Stott – faith and waiting

“Be thou there until I bring thee word.”

I came across this sentence in the biography of John Stott. It was in a letter he wrote to someone about his experience of becoming Rector of All Souls Langham Place. I did not recognise the sentence at all – partly because it is the King James translation. It is actually a phrase from Matthew 2:13:

“And when they were departed, behold, the angel of the Lord appeareth to Joseph in a dream, saying, Arise, and take the young child and his mother, and flee into Egypt, and be thou there until I bring thee word: for Herod will seek the young child to destroy him.”

The ESV has: ‘and remain there until I tell you’.

It struck me how Stott had picked up on this snippet and applied it to his own situation as he ‘waited on the Lord’. The letter provides insight into Stott’s early walk of faith.

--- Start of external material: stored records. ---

lemma smult_max_witness:
  "a \<odot>\<^bsub>dual_Loc_x_y\<^esub> max_witness = (restrict_dual (Loc fps_X) (a \<odot>\<^bsub>dual_Loc_xy\<^esub> const_coeff), \<lambda>q. 0)"
proof -
  have "restrict_dual (Loc fps_X) (a \<odot>\<^bsub>dual_Loc_xy\<^esub> const_coeff) =
      a \<odot>\<^bsub>k_dual (Loc fps_X)\<^esub> restrict_dual (Loc fps_X) const_coeff"
    using module_hom_smult[OF restrict_dual_X_module_hom _ const_coeff_in_k_dual] by simp
  then show ?thesis
    by (simp add: max_witness_def del: k_dual_simps(4)) (simp add: fun_eq_iff)
qed

lemma PS2_X_smult_max_witness:
  "PS2_X \<odot>\<^bsub>dual_Loc_x_y\<^esub> max_witness = dual_restrictions (PS2_X \<odot>\<^bsub>dual_Loc_xy\<^esub> const_coeff)"
  unfolding smult_max_witness dual_restrictions_def
  using const_coeff_X_mult_Loc_Y Loc_Y_subset by (auto simp: restrict_dual_def fun_eq_iff)

lemma PS2_Y_smult_max_witness:
  "PS2_Y \<odot>\<^bsub>dual_Loc_x_y\<^esub> max_witness = dual_restrictions \<zero>\<^bsub>dual_Loc_xy\<^esub>"
  unfolding smult_max_witness dual_restrictions_def
  using const_coeff_Y_mult_Loc_X Loc_X_subset by (auto simp: restrict_dual_def fun_eq_iff)

lemma smult_max_witness_in_image:
  fixes a :: "'k::field ps"
  assumes "a \<in> PS2_max"
  shows "a \<odot>\<^bsub>dual_Loc_x_y\<^esub> max_witness \<in> dual_restrictions ` carrier dual_Loc_xy"
proof -
  obtain b c where a: "a = (b \<otimes>\<^bsub>PS2\<^esub> PS2_X) \<oplus>\<^bsub>PS2\<^esub> (c \<otimes>\<^bsub>PS2\<^esub> PS2_Y)"
    using assms by (auto simp: PS2_max_eq elim: PS2_decomp_XY)
  interpret I1: Module.module PS2 "dual_Loc_x_y :: ('k ps, _) module"
    by (rule module_dual_Loc_x_y)
  have "a \<odot>\<^bsub>dual_Loc_x_y\<^esub> max_witness =
      (b \<otimes>\<^bsub>PS2\<^esub> PS2_X) \<odot>\<^bsub>dual_Loc_x_y\<^esub> max_witness \<oplus>\<^bsub>dual_Loc_x_y\<^esub>
      (c \<otimes>\<^bsub>PS2\<^esub> PS2_Y) \<odot>\<^bsub>dual_Loc_x_y\<^esub> max_witness"
    unfolding a by (rule I1.smult_l_distr) (simp_all add: max_witness_in_carrier del: prod_module_simps)
  also have "\<dots> = b \<odot>\<^bsub>dual_Loc_x_y\<^esub> (PS2_X \<odot>\<^bsub>dual_Loc_x_y\<^esub> max_witness) \<oplus>\<^bsub>dual_Loc_x_y\<^esub>
      c \<odot>\<^bsub>dual_Loc_x_y\<^esub> (PS2_Y \<odot>\<^bsub>dual_Loc_x_y\<^esub> max_witness)"
    using I1.smult_assoc1[OF _ _ max_witness_in_carrier] by simp
  also have "\<dots> \<in> dual_restrictions ` carrier dual_Loc_xy"
    unfolding PS2_X_smult_max_witness PS2_Y_smult_max_witness
    using module_k_dual dual_restrictions_module_hom
  proof (rule module_hom_image_lincomb)
    show "PS2_submodule (Loc (fps_X * fps_Y))" by (simp add: PS2_submodule_Loc)
    have "PS2_X \<odot>\<^bsub>dual_Loc_xy\<^esub> const_coeff \<in> carrier dual_Loc_xy"
      using module.smult_closed[OF module_k_dual[OF PS2_submodule_Loc], of "fps_X * fps_Y" PS2_X]
        const_coeff_in_k_dual by (simp del: k_dual_simps)
    then show "dual_restrictions (PS2_X \<odot>\<^bsub>dual_Loc_xy\<^esub> const_coeff) \<in> dual_restrictions ` carrier dual_Loc_xy"
      by blast
    show "dual_restrictions \<zero>\<^bsub>dual_Loc_xy\<^esub> \<in> dual_restrictions ` carrier dual_Loc_xy"
      by (auto simp: k_linear_on_def)
  qed simp_all
  finally show ?thesis .
qed

lemma smult_max_witness_in_imageD:
  assumes "a \<odot>\<^bsub>dual_Loc_x_y\<^esub> max_witness \<in> dual_restrictions ` carrier dual_Loc_xy"
  shows "a \<in> PS2_max"
proof -
  obtain \<phi> where "a \<odot>\<^bsub>dual_Loc_x_y\<^esub> max_witness = dual_restrictions \<phi>"
    using assms by blast
  then have "restrict_dual (Loc fps_X) (a \<odot>\<^bsub>dual_Loc_xy\<^esub> const_coeff) = restrict_dual (Loc fps_X) \<phi>"
    and "(\<lambda>q. 0) = restrict_dual (Loc fps_Y) \<phi>"
    by (simp_all only: smult_max_witness dual_restrictions_def prod.inject)
  then have "restrict_dual (Loc fps_X) (a \<odot>\<^bsub>dual_Loc_xy\<^esub> const_coeff) 1 = \<phi> 1" and "0 = \<phi> 1"
    by (auto simp: restrict_dual_def one_in_Loc dest: fun_cong[where x = 1])
  moreover have "restrict_dual (Loc fps_X) (a \<odot>\<^bsub>dual_Loc_xy\<^esub> const_coeff) 1 = a (0, 0)"
    by (simp add: restrict_dual_def one_in_Loc const_coeff_to_fract)
  ultimately show ?thesis
    by (simp add: PS2_max_eq)
qed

Here is what Stott wrote in that letter:

“I never dared pray for this. I kept praying that His will might be done, and I kept disbelieving that I might be His will! Often I humbled myself before Him and assured Him I had no personal ambitious wish for the post, and would not be personally disappointed if He passed me by in favour of someone else. But I did earnestly ask that our beloved church might be spared the ordeal of a false apostle. Then came His answer. Emotions of all kinds overwhelmed me. I was honoured and humbled, reassured and frightened, grateful and fearful. Looking back, I can only conclude that the long periods of uncertainty and perplexity through which I passed were allowed for this purpose. I was constantly restrained from leaving…I wondered why He kept me so long in doubt. In my short Christian experience I had grown accustomed to His gracious clarity of guidance. But now I was in darkness! Yet I held on in blind, and sometimes impatient and wavering faith, obeying His ‘Be thou there until I bring thee word’. Then the light broke…Again and again in these last days ‘My grace is sufficient for thee’ have been ringing in my ears. Were it not for this, and for the lovely letters I’ve received I think I should be overwhelmed by the responsibility: as it is, I’m wonderfully at peace. But I do need your prayers. I know you will give them to me…Deliverance from pride in success, and from depression in setback; patience and love, wisdom and vision, humility and moral courage. These and many other graces do I need…”

(John Stott – The Making of a Global Leader, Vol 1, Dudley-Smith, p 250.)